# WHAT IS EXPECTED:
The lines to repeat are those below from the one containing "u), 2 * snd u)))" down to the one containing "by (auto simp: A_def U_def)", both included; reproduce them exactly and nothing else.

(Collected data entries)
(* Let $d,l,m\geq 1$ be integers, and fix arbitrary norms $\|\cdot\|$ on the real vector space $H(d)$ of $d\times d$ Hermitian matrices and on the real vector space $M_{lm}(\mathbb{R})$ of real $l\times m$ matrices. Let $\mathcal{Q}=\{P_1,\dots,P_l\}$ be a measurement scheme consisting of $l$ POVMs, each with outcome set $\{1,\dots,m\}$, and suppose $\mathcal{Q}$ determines any pure state among all states. Then there exists $\epsilon>0$ such that every measurement scheme $\mathcal{Q}'=\{P'_1,\dots,P'_l\}$ (of $l$ POVMs with outcome set $\{1,\dots,m\}$) which is $\epsilon$-close to $\mathcal{Q}$ also determines any pure state among all states.
   Context: A POVM with outcome set $\{1,\dots,m\}$ is a map $j\mapsto P(j)$ into $H(d)$ with $P(j)\geq 0$ for all $j$ and $\sum_{j=1}^m P(j)=\mathbb{1}$. A measurement scheme $\mathcal{Q}=\{P_1,\dots,P_l\}$ induces the real-linear map $M_{\mathcal{Q}}:H(d)\to M_{lm}(\mathbb{R})$, $M_{\mathcal{Q}}(X)_{i,j}=\mathrm{tr}(X P_i(j))$. $\mathcal{Q}$ determines any pure state among all states if for every pure state $\sigma=|\psi\rangle\langle\psi|$ and every state (density matrix) $\varrho$, $M_{\mathcal{Q}}(\sigma)=M_{\mathcal{Q}}(\varrho)$ implies $\varrho=\sigma$. Two measurement schemes $\mathcal{Q},\mathcal{Q}'$ are $\epsilon$-close if $\|M_{\mathcal{Q}}-M_{\mathcal{Q}'}\|_\infty<\epsilon$, where $\|\cdot\|_\infty$ is the operator norm of linear maps $H(d)\to M_{lm}(\mathbb{R})$ with respect to the fixed norms. *)

theory Defs
  imports "HOL-Analysis.Analysis"
begin
lemma fibrewise_LEC_diagonal_cylinder_retraction:
  fixes X :: "'a topology" and p :: "'a \<Rightarrow> 'b" and B :: "'b topology"
  assumes "fibrewise_LEC B X p"
  obtains R where "diagonal_cylinder_retraction X p R"
proof -
  let ?XB = "fibre_product X p"
  let ?E = "subtopology (prod_topology ?XB II) {(z,t). fst z = snd z \<or> t = 0}"
  let ?q = "\<lambda>((x,y),t). p x"
  have cof: "fibrewise_cofibration TYPE(('a \<times> 'a) \<times> real) B X p ?XB (\<lambda>(x,y). p x) (\<lambda>x. (x,x))"
    using assms by (simp add: fibrewise_LEC_def closed_fibrewise_cofibration_def)
  have "continuous_map X B p"
    using assms by (simp add: fibrewise_LEC_def fibrewise_space_def)
  then have "continuous_map (prod_topology ?XB II) B (\<lambda>u. p (fst (fst u)))"
    using continuous_map_comp[OF continuous_map_fst continuous_map_fibre_product_fst]
    by (rule continuous_map_comp[rotated])
  then have E_space: "fibrewise_space B ?E ?q"
    by (auto simp: fibrewise_space_def case_prod_unfold intro: continuous_map_from_subtopology)
  have "continuous_map ?XB (prod_topology ?XB II) (\<lambda>z. (z,0))"
    by (simp add: continuous_map_pairedI)
  then have bottom: "fibrewise_map ?XB (\<lambda>(x,y). p x) ?E ?q (\<lambda>z. (z,0))"
    by (auto simp: fibrewise_map_def continuous_map_in_subtopology)
  have "continuous_map (prod_topology X II) ?XB (\<lambda>u. (fst u, fst u))"
    unfolding fibre_product_def continuous_map_in_subtopology
    using continuous_map_pairedI[OF continuous_map_fst continuous_map_fst] by auto
  then have "continuous_map (prod_topology X II) (prod_topology ?XB II) (\<lambda>(x,t). ((x,x),t))"
    unfolding case_prod_unfold by (rule continuous_map_pairedI[OF _ continuous_map_snd])
  then have diagonal: "fibrewise_map (prod_topology X II) (\<lambda>(a,t). p a) ?E ?q (\<lambda>(x,t). ((x,x),t))"
    by (auto simp: fibrewise_map_def continuous_map_in_subtopology)
  obtain R where R: "fibrewise_map (prod_topology ?XB II) (\<lambda>(z,t). (\<lambda>(x,y). p x) z) ?E ?q R"
      "\<And>z. z \<in> topspace ?XB \<Longrightarrow> R (z,0) = (z,0)"
      "\<And>x t. x \<in> topspace X \<Longrightarrow> t \<in> {0..1} \<Longrightarrow> R ((x,x),t) = ((x,x),t)"
    using cof[unfolded fibrewise_cofibration_def, THEN conjunct2, rule_format,
        of ?E ?q "\<lambda>z. (z,0)" "\<lambda>(x,t). ((x,x),t)"] E_space bottom diagonal
    by fastforce
  show ?thesis
  proof (rule that, rule diagonal_cylinder_retractionI)
    show "continuous_map (prod_topology ?XB II) ?E R"
      using R(1) by (simp add: fibrewise_map_def)
    show "p (fst (fst (R (z,t)))) = p (fst z)" if "z \<in> topspace ?XB" "t \<in> {0..1}" for z t
      using R(1) that unfolding fibrewise_map_def by (auto simp: case_prod_unfold)
  qed (fact R(2), fact R(3))
qed

locale LEC_retract_setting = diagonal_cylinder_retraction X p R
  for X :: "'a topology" and p :: "'a \<Rightarrow> 'b" and R :: "('a \<times> 'a) \<times> real \<Rightarrow> ('a \<times> 'a) \<times> real" +
  fixes f :: "'a \<Rightarrow> real" and r :: "'a \<Rightarrow> 'a"
  assumes f_cont: "continuous_map X euclideanreal f"
    and f_range: "\<And>x. x \<in> topspace X \<Longrightarrow> 0 \<le> f x \<and> f x \<le> 1"
    and r_cont: "continuous_map (subtopology X {x \<in> topspace X. f x < 1}) X r"
    and r_into: "\<And>x. x \<in> topspace X \<Longrightarrow> f x < 1 \<Longrightarrow> r x \<in> topspace X \<and> f (r x) = 0 \<and> p (r x) = p x"
    and r_id: "\<And>x. x \<in> topspace X \<Longrightarrow> f x = 0 \<Longrightarrow> r x = x"
begin

abbreviation "XB \<equiv> fibre_product X p"

definition "U = {x \<in> topspace X. f x < 1}"
definition "A = {x \<in> topspace X. f x = 0}"
definition "s x = (x, r x)"

text \<open>For \<open>x \<in> V\<close> the point \<open>R (s x, 1)\<close> lies on the diagonal, so the two coordinates of
  \<open>R (s x, -)\<close> are paths from \<open>x\<close> and from \<open>r x\<close> meeting at time 1; \<open>\<gamma>\<close> runs along the
  first and back along the second.\<close>

definition "V = {x \<in> U. 0 < snd (R (s x, 1))}"

definition "\<gamma> u = (if snd u \<le> 1/2 then fst (fst (R (s (fst u), 2 * snd u)))
                    else snd (fst (R (s (fst u), 2 - 2 * snd u))))"

lemma U_open: "openin X U"
  using openin_continuous_map_preimage[OF f_cont, of "{..<1}"] by (simp add: U_def)

lemma A_subset_U: "A \<subseteq> U"
  by (auto simp: A_def U_def)

lemma A_closed: "closedin X A"
  using closedin_continuous_map_preimage[OF f_cont, of "{0}"] by (simp add: A_def)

# WRITTEN REPLY:
definition "\<gamma> u = (if snd u \<le> 1/2 then fst (fst (R (s (fst u), 2 * snd u)))
                    else snd (fst (R (s (fst u), 2 - 2 * snd u))))"

lemma U_open: "openin X U"
  using openin_continuous_map_preimage[OF f_cont, of "{..<1}"] by (simp add: U_def)

lemma A_subset_U: "A \<subseteq> U"
  by (auto simp: A_def U_def)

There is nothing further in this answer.